(* Let $n=1$, $\omega>0$. For $\hbar\in]0,1]$ let $a^\hbar$ solve $$ i\hbar\partial_t a^\hbar+\frac{\hbar^2}{2}\partial_x^2a^\hbar=\frac{\omega^2}{2}x^2a^\hbar+\hbar^2F^\hbar(a^\hbar)+\hbar^2S^\hbar,\qquad a^\hbar_{\mid t=0}=0.$$ Assume that there exists $C_0>0$ such that for all $t<\pi/(2\omega)$, $$\|F^\hbar(a^\hbar)(t)\|_{L^2}\leq\frac{C_0}{\left(\frac{\pi}{2\omega}-t\right)^2}\|a^\hbar(t)\|_{L^2}.$$ Then there exists $C>0$ independent of $\hbar\in]0,1]$ such that for every $\Lambda\geq1$, $$\sup_{0\leq t\leq\frac{\pi}{2\omega}-\Lambda\hbar}\|a^\hbar(t)\|_{L^2}\leq C\hbar\int_0^{\pi/(2\omega)-\Lambda\hbar}\|S^\hbar(t)\|_{L^2}\,dt.$$ *)

theory Defs
  imports "HOL-Analysis.Analysis"
begin

definition sq_int :: "(real \<Rightarrow> complex) \<Rightarrow> bool" where
  "sq_int f \<longleftrightarrow> f \<in> borel_measurable lborel \<and> integrable lborel (\<lambda>x. (cmod (f x))\<^sup>2)"

definition L2norm :: "(real \<Rightarrow> complex) \<Rightarrow> real" where
  "L2norm f = sqrt (\<integral>x. (cmod (f x))\<^sup>2 \<partial>lborel)"

text \<open>Strong solution on the time interval [0,T) of
  i h d_t a + h^2/2 d_x^2 a = omega^2/2 x^2 a + h^2 G + h^2 S,  a(0) = 0,
  where G stands for the nonlinear term F^h(a^h).  Here dt, dx, dxx are the
  (classical) partial derivatives; the solution is required to lie, at each time,
  in the natural energy space (a, d_x a, d_x^2 a, x^2 a in L2) and to be
  differentiable in time as an L2-valued curve; the source is jointly measurable.\<close>

definition harmonic_solution ::
  "real \<Rightarrow> real \<Rightarrow> real \<Rightarrow> (real \<Rightarrow> real \<Rightarrow> complex) \<Rightarrow> (real \<Rightarrow> real \<Rightarrow> complex)
     \<Rightarrow> (real \<Rightarrow> real \<Rightarrow> complex) \<Rightarrow> bool" where
  "harmonic_solution \<omega> h T a G S \<longleftrightarrow>
    (\<exists>dt dx dxx :: real \<Rightarrow> real \<Rightarrow> complex.
      (\<forall>x. a 0 x = 0) \<and>
      (\<forall>t\<in>{0..<T}. \<forall>x. ((\<lambda>s. a s x) has_vector_derivative dt t x) (at t within {0..<T})) \<and>
      (\<forall>t\<in>{0..<T}. \<forall>x. ((a t) has_vector_derivative dx t x) (at x)
                         \<and> ((dx t) has_vector_derivative dxx t x) (at x)) \<and>
      (\<forall>t\<in>{0..<T}. \<forall>x.
          \<i> * complex_of_real h * dt t x + complex_of_real (h\<^sup>2 / 2) * dxx t x
          = complex_of_real (\<omega>\<^sup>2 / 2 * x\<^sup>2) * a t x
            + complex_of_real (h\<^sup>2) * G t x + complex_of_real (h\<^sup>2) * S t x) \<and>
      (\<forall>t\<in>{0..<T}. sq_int (a t) \<and> sq_int (dx t) \<and> sq_int (dxx t)
                     \<and> sq_int (\<lambda>x. complex_of_real (x\<^sup>2) * a t x)
                     \<and> sq_int (dt t) \<and> sq_int (G t) \<and> sq_int (S t)) \<and>
      (\<forall>t\<in>{0..<T}.
          ((\<lambda>s. L2norm (\<lambda>x. (a s x - a t x) / complex_of_real (s - t) - dt t x))
             \<longlongrightarrow> 0) (at t within {0..<T})) \<and>
      (\<lambda>p. S (fst p) (snd p)) \<in> borel_measurable (lborel \<Otimes>\<^sub>M lborel))"

end

theory Submission
  imports Defs
begin
(* Write e_i(x) for twice the signed area of (v_i, v_(i+1), x), an affine function that is
   positive inside the quadrilateral (vertices indexed 0..3 here). Multiplying the Wachspress
   weights by e_0 e_1 e_2 e_3 shows that the Wachspress coordinates are proportional to
   (e_1 e_2, 2 e_2 e_3, 3 e_3 e_0, 2 e_0 e_1). A positive feasible distribution whose logarithm
   is affine in the vertex maximises the entropy (compare with any other feasible q through the
   Bregman divergence of t ln t); since 3 v_0 - 2 v_1 + v_2 - 2 v_3 = 0 with coefficient sum 0,
   this affinity amounts to p_1^2 p_3^2 = p_0^3 p_2. For the Wachspress coordinates it becomes
   16 e_0 e_3 = 3 e_1 e_2, i.e. 26 b^2 + (13 a + 12) b + 3 a^2 + 3 a - 6 = 0, whose root inside
   the quadrilateral is the given b. For a = 1 or a = -1 the point is the vertex v_1 or v_3,
   where both coordinates are the point mass. *)

lemma xlogx_bregman_nonneg:
  fixes p q :: real
  assumes "0 < p" "0 \<le> q"
  shows "0 \<le> q * ln q - q * ln p - q + p"
proof (cases "q = 0")
  case False
  with assms have "q * (ln p - ln q) \<le> p - q"
    using ln_diff_le[of p q] by (simp add: field_simps)
  then show ?thesis by (simp add: algebra_simps)
qed (use assms in simp)

lemma xlogx_bregman_eq_0_iff:
  fixes p q :: real
  assumes "0 < p" "0 \<le> q"
  shows "q * ln q - q * ln p - q + p = 0 \<longleftrightarrow> q = p"
proof
  assume eq: "q * ln q - q * ln p - q + p = 0"
  show "q = p"
  proof (rule ccontr)
    assume "q \<noteq> p"
    moreover have "q \<noteq> 0" using eq assms by auto
    ultimately have "q * (ln p - ln q) < p - q"
      using assms ln_diff_less[of p q] by (simp add: field_simps)
    with eq show False by (simp add: algebra_simps)
  qed
qed simp

lemma feasible_cross_entropy:
  assumes "feasible v n x q"
    and "\<forall>i<n. ln (p i) = c + inner w (v i)"
  shows "(\<Sum>i<n. q i * ln (p i)) = c + inner w x"
proof -
  have "(\<Sum>i<n. q i * ln (p i)) = (\<Sum>i<n. c * q i + inner w (q i *\<^sub>R v i))"
    using assms(2) by (intro sum.cong) (simp_all add: algebra_simps)
  also have "\<dots> = c * (\<Sum>i<n. q i) + inner w (\<Sum>i<n. q i *\<^sub>R v i)"
    by (simp only: sum.distrib sum_distrib_left inner_sum_right)
  also have "\<dots> = c + inner w x"
    using assms(1) by (simp add: feasible_def)
  finally show ?thesis .
qed

lemma gibbs_eqI:
  assumes fp: "feasible v n x p" and pos: "\<forall>i<n. 0 < p i"
    and log_affine: "\<forall>i<n. ln (p i) = c + inner w (v i)"
  shows "gibbs v n x = p"
proof -
  define gap where "gap q i = q i * ln (q i) - q i * ln (p i) - q i + p i" for q i
  have gap_nonneg: "0 \<le> gap q i" if "feasible v n x q" "i < n" for q i
    using that pos xlogx_bregman_nonneg by (simp add: gap_def feasible_def)
  have entropy_gap: "entropy n p - entropy n q = (\<Sum>i<n. gap q i)" if fq: "feasible v n x q" for q
  proof -
    have "(\<Sum>i<n. gap q i) = (\<Sum>i<n. q i * ln (q i)) - (\<Sum>i<n. q i * ln (p i)) - (\<Sum>i<n. q i) + (\<Sum>i<n. p i)"
      by (simp add: gap_def sum.distrib sum_subtractf)
    also have "\<dots> = (\<Sum>i<n. q i * ln (q i)) - (\<Sum>i<n. p i * ln (p i))"
      using fq fp feasible_cross_entropy[OF _ log_affine] by (simp add: feasible_def)
    finally show ?thesis by (simp add: entropy_def)
  qed
  have entropy_le: "entropy n q \<le> entropy n p" if fq: "feasible v n x q" for q
    using entropy_gap[OF fq] sum_nonneg[of "{..<n}" "gap q"] gap_nonneg[OF fq] by simp
  show ?thesis
    unfolding gibbs_def
  proof (rule the_equality)
    show "feasible v n x p \<and> (\<forall>q. feasible v n x q \<longrightarrow> entropy n q \<le> entropy n p)"
      using fp entropy_le by blast
  next
    fix q assume "feasible v n x q \<and> (\<forall>r. feasible v n x r \<longrightarrow> entropy n r \<le> entropy n q)"
    then have fq: "feasible v n x q" and "entropy n q = entropy n p"
      using fp entropy_le by (auto intro: order.antisym)
    then have "(\<Sum>i<n. gap q i) = 0"
      using entropy_gap[OF fq] by simp
    then have "\<forall>i<n. gap q i = 0"
      using gap_nonneg[OF fq] by (subst (asm) sum_nonneg_eq_0_iff) auto
    then have "\<forall>i<n. q i = p i"
      using fq pos xlogx_bregman_eq_0_iff by (auto simp: gap_def feasible_def)
    with fq fp show "q = p"
      by (metis feasible_def not_le ext)
  qed
qed

lemma gibbs_unique_feasible:
  assumes "feasible v n x p" and "\<And>q. feasible v n x q \<Longrightarrow> q = p"
  shows "gibbs v n x = p"
  unfolding gibbs_def
proof (rule the_equality)
  show "feasible v n x p \<and> (\<forall>q. feasible v n x q \<longrightarrow> entropy n q \<le> entropy n p)"
    using assms by blast
qed (use assms in blast)

lemma feasible_in_polygon:
  assumes "feasible v n x p"
  shows "x \<in> polygon v n"
proof -
  have "(\<Sum>i<n. p i *\<^sub>R v i) \<in> convex hull (v ` {0..<n})"
    using assms by (intro convex_sum) (auto simp: feasible_def intro: hull_inc)
  with assms show ?thesis by (simp add: feasible_def polygon_def)
qed

lemma not_in_interior_polygon:
  assumes "u \<noteq> 0" and "\<forall>i<n. inner u (v i) \<le> inner u x"
  shows "x \<notin> interior (polygon v n)"
proof -
  have "polygon v n \<subseteq> {y. inner u y \<le> inner u x}"
    unfolding polygon_def using assms(2) by (intro hull_minimal) (auto simp: convex_halfspace_le)
  then have "interior (polygon v n) \<subseteq> {y. inner u y < inner u x}"
    using interior_mono[of "polygon v n" "{y. inner u y \<le> inner u x}"] assms(1) by simp
  then show ?thesis by auto
qed

lemma sum_lessThan_4: "(\<Sum>i<4::nat. f i) = f 0 + f 1 + f 2 + (f 3 :: 'a::comm_monoid_add)"
  by (simp add: eval_nat_numeral add.assoc)

lemma feasible_quadV_iff:
  "feasible quadV 4 x q \<longleftrightarrow> (\<forall>i<4. 0 \<le> q i) \<and> (\<forall>i\<ge>4. q i = 0) \<and>
     q 0 + q 1 + q 2 + q 3 = 1 \<and> x = (q 1 - q 3, q 2 + q 3 / 2)"
  by (auto simp: feasible_def sum_lessThan_4 quadV_def)

lemma feasible_quadV_interior:
  assumes q: "feasible quadV 4 x q" and pos: "0 < q 0" "0 < q 1" "0 < q 2"
  shows "x \<in> interior (polygon quadV 4)"
proof -
  define r where "r = min (min (q 0) (q 1)) (q 2) / 2"
  have "ball x r \<subseteq> polygon quadV 4"
  proof
    fix y assume "y \<in> ball x r"
    let ?d1 = "fst y - fst x" and ?d2 = "snd y - snd x"
    have "\<bar>?d1\<bar> < r" "\<bar>?d2\<bar> < r"
      using \<open>y \<in> ball x r\<close> dist_fst_le[of x y] dist_snd_le[of x y]
      by (auto simp: dist_real_def dist_commute)
    moreover have "r \<le> q 0 / 2" "r \<le> q 1 / 2" "r \<le> q 2 / 2"
      by (auto simp: r_def)
    ultimately have "0 < q 0 - ?d1 - ?d2" "0 < q 1 + ?d1" "0 < q 2 + ?d2"
      by (auto simp: abs_less_iff)
    then have "feasible quadV 4 y (q(0 := q 0 - ?d1 - ?d2, 1 := q 1 + ?d1, 2 := q 2 + ?d2))"
      using q unfolding feasible_quadV_iff by (auto simp: prod_eq_iff)
    then show "y \<in> polygon quadV 4" by (rule feasible_in_polygon)
  qed
  moreover have "0 < r" using pos by (simp add: r_def)
  ultimately show ?thesis by (auto simp: mem_interior)
qed

lemma nxt_prv: "i < n \<Longrightarrow> nxt n (prv n i) = i"
  by (cases i) (auto simp: nxt_def prv_def mod_Suc_eq)

definition edge_fun :: "(nat \<Rightarrow> pt) \<Rightarrow> nat \<Rightarrow> pt \<Rightarrow> nat \<Rightarrow> real" where
  "edge_fun v n x i = 2 * sarea (v i) (v (nxt n i)) x"
text \<open>Containment: a zonotope lies in its Girard reduction, because the discarded part
  \<open>\<Sum>\<^sub>j \<xi>\<^sub>j g\<^sub>j\<close> ranges over a subset of the box \<open>B(d)\<close>, which is the zonotope of the
  scaled unit vectors \<open>d\<^sub>i e\<^sub>i\<close>; rotating by \<open>P\<^sup>T\<close> and back gives (1).

  Volume: by Cauchy-Schwarz, \<open>d\<^sub>i(P) = \<Sum>\<^sub>j \<bar>(P\<^sup>T g\<^sub>j)\<^sub>i\<bar> \<le> \<surd>m \<surd>(P\<^sup>T S P)\<^sub>i\<^sub>i\<close>. If \<open>L = Q\<^sup>T S Q\<close> is
  diagonal then \<open>P\<^sup>T S P = R\<^sup>T L R\<close> with \<open>R = Q\<^sup>T P\<close> orthogonal, so the diagonal of \<open>P\<^sup>T S P\<close> is
  obtained from that of \<open>L\<close> by the doubly stochastic matrix \<open>(R\<^sub>k\<^sub>i\<^sup>2)\<close>; concavity of \<open>ln\<close>
  (Jensen) shows that such a mixing can only increase the product of the entries.\<close>

definition scatter_matrix :: "('j \<Rightarrow> real^'n) \<Rightarrow> 'j set \<Rightarrow> real^'n^'n" where
  "scatter_matrix g D = (\<chi> a b. \<Sum>j\<in>D. g j $ a * g j $ b)"

lemma scatter_matrix_diag_nonneg: "0 \<le> scatter_matrix g D $ i $ i"
  by (simp add: scatter_matrix_def sum_nonneg)

lemma scatter_matrix_congruence:
  fixes Q :: "real^'n^'n"
  shows "transpose Q ** scatter_matrix g D ** Q = scatter_matrix (\<lambda>j. transpose Q *v g j) D"
  by (simp add: vec_eq_iff scatter_matrix_def matrix_matrix_mult_def matrix_vector_mult_def
      transpose_def sum_distrib_left sum_distrib_right sum_product mult_ac sum.swap[of _ D]
      del: transpose_matrix_vector)

lemma zonotope_linear_image:
  assumes "linear f"
  shows "f ` zonotope c g I = zonotope (f c) (\<lambda>j. f (g j)) I"
proof -
  have "f (c + (\<Sum>j\<in>I. \<xi> j *\<^sub>R g j)) = f c + (\<Sum>j\<in>I. \<xi> j *\<^sub>R f (g j))" for \<xi>
    by (simp add: linear_add[OF assms] linear_sum[OF assms] linear_scale[OF assms])
  then show ?thesis
    unfolding zonotope_def by (auto simp: image_iff) metis+
qed

lemma zonotope_add_mem_case_sum:
  assumes "finite I" "finite J" "x \<in> zonotope c g I" "y \<in> zonotope 0 h J"
  shows "x + y \<in> zonotope c (case_sum g h) (Inl ` I \<union> Inr ` J)"
proof -
  obtain \<xi> where x: "x = c + (\<Sum>j\<in>I. \<xi> j *\<^sub>R g j)" and \<xi>: "\<forall>j\<in>I. \<bar>\<xi> j\<bar> \<le> 1"
    using assms(3) unfolding zonotope_def by blast
  obtain \<eta> where y: "y = (\<Sum>j\<in>J. \<eta> j *\<^sub>R h j)" and \<eta>: "\<forall>j\<in>J. \<bar>\<eta> j\<bar> \<le> 1"
    using assms(4) unfolding zonotope_def by auto
  have "(\<Sum>k\<in>Inl ` I \<union> Inr ` J. case_sum \<xi> \<eta> k *\<^sub>R case_sum g h k)
      = (\<Sum>j\<in>I. \<xi> j *\<^sub>R g j) + (\<Sum>j\<in>J. \<eta> j *\<^sub>R h j)"
    using assms(1,2) by (subst sum.union_disjoint) (auto simp: sum.reindex)
  then show ?thesis
    unfolding zonotope_def x y using \<xi> \<eta>
    by (intro CollectI exI[of _ "case_sum \<xi> \<eta>"]) (auto simp: add.assoc)
qed

lemma sum_scaleR_mem_box_hw:
  assumes "\<And>j. j \<in> D \<Longrightarrow> \<bar>\<xi> j\<bar> \<le> 1"
  shows "(\<Sum>j\<in>D. \<xi> j *\<^sub>R g j) \<in> box_hw (\<chi> i. \<Sum>j\<in>D. \<bar>g j $ i\<bar>)"
  unfolding box_hw_def
proof clarsimp
  fix i
  have "\<bar>\<Sum>j\<in>D. \<xi> j * g j $ i\<bar> \<le> (\<Sum>j\<in>D. \<bar>\<xi> j * g j $ i\<bar>)"
    by (rule sum_abs)
  also have "\<dots> \<le> (\<Sum>j\<in>D. \<bar>g j $ i\<bar>)"
    using assms by (intro sum_mono) (simp add: abs_mult mult_left_le_one_le)
  finally show "\<bar>\<Sum>j\<in>D. \<xi> j * g j $ i\<bar> \<le> (\<Sum>j\<in>D. \<bar>g j $ i\<bar>)" .
qed

lemma box_hw_subset_zonotope:
  fixes d :: "real^'n"
  shows "box_hw d \<subseteq> zonotope 0 (\<lambda>i. (d $ i) *\<^sub>R axis i 1) UNIV"
proof
  fix x assume "x \<in> box_hw d"
  then have x: "\<bar>x $ i\<bar> \<le> d $ i" for i
    by (simp add: box_hw_def)
  define \<eta> where "\<eta> i = (if d $ i = 0 then 0 else x $ i / d $ i)" for i
  have "\<bar>\<eta> i\<bar> \<le> 1" for i
    using x[of i] by (auto simp: \<eta>_def abs_divide divide_le_eq_1)
  moreover have "\<eta> i * d $ i = x $ i" for i
    using x[of i] by (auto simp: \<eta>_def)
  then have "(\<Sum>i\<in>UNIV. \<eta> i *\<^sub>R (d $ i) *\<^sub>R axis i 1) = x"
    using basis_expansion[of x] by (simp add: scalar_mult_eq_scaleR mult.commute)
  ultimately show "x \<in> zonotope 0 (\<lambda>i. (d $ i) *\<^sub>R axis i 1) UNIV"
    unfolding zonotope_def by force
qed

lemma zonotope_subset_girard_red:
  assumes "K \<subseteq> {..<p}"
  shows "zonotope c g {..<p} \<subseteq> girard_red c g p K"
proof
  fix x assume "x \<in> zonotope c g {..<p}"
  then obtain \<xi> where x: "x = c + (\<Sum>j\<in>{..<p}. \<xi> j *\<^sub>R g j)" and \<xi>: "\<forall>j\<in>{..<p}. \<bar>\<xi> j\<bar> \<le> 1"
    unfolding zonotope_def by blast
  have "finite K" using assms finite_subset by blast
  have kept: "c + (\<Sum>j\<in>K. \<xi> j *\<^sub>R g j) \<in> zonotope c g K"
    using \<xi> assms unfolding zonotope_def by blast
  have "(\<Sum>j\<in>{..<p} - K. \<xi> j *\<^sub>R g j) \<in> box_hw (girard_d g p K)"
    unfolding girard_d_def using \<xi> by (intro sum_scaleR_mem_box_hw) auto
  then have discarded: "(\<Sum>j\<in>{..<p} - K. \<xi> j *\<^sub>R g j)
      \<in> zonotope 0 (\<lambda>i. (girard_d g p K $ i) *\<^sub>R axis i 1) UNIV"
    using box_hw_subset_zonotope by blast
  have "girard_gens g p K = case_sum g (\<lambda>i. (girard_d g p K $ i) *\<^sub>R axis i 1)"
    by (auto simp: fun_eq_iff girard_gens_def split: sum.split)
  moreover have "x = (c + (\<Sum>j\<in>K. \<xi> j *\<^sub>R g j)) + (\<Sum>j\<in>{..<p} - K. \<xi> j *\<^sub>R g j)"
    unfolding x using assms by (simp add: sum.subset_diff[of K] add.assoc)
  ultimately show "x \<in> girard_red c g p K"
    unfolding girard_red_def using zonotope_add_mem_case_sum[OF \<open>finite K\<close> _ kept discarded]
    by simp
qed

Problem requirements:
Using the entries above, return exactly the lines from the line with "Q ** scatter_matrix" to the line with "transpose_def sum_distrib_left sum_distrib_right", counting both of those lines.

The completed task:
  shows "transpose Q ** scatter_matrix g D ** Q = scatter_matrix (\<lambda>j. transpose Q *v g j) D"
  by (simp add: vec_eq_iff scatter_matrix_def matrix_matrix_mult_def matrix_vector_mult_def
      transpose_def sum_distrib_left sum_distrib_right sum_product mult_ac sum.swap[of _ D]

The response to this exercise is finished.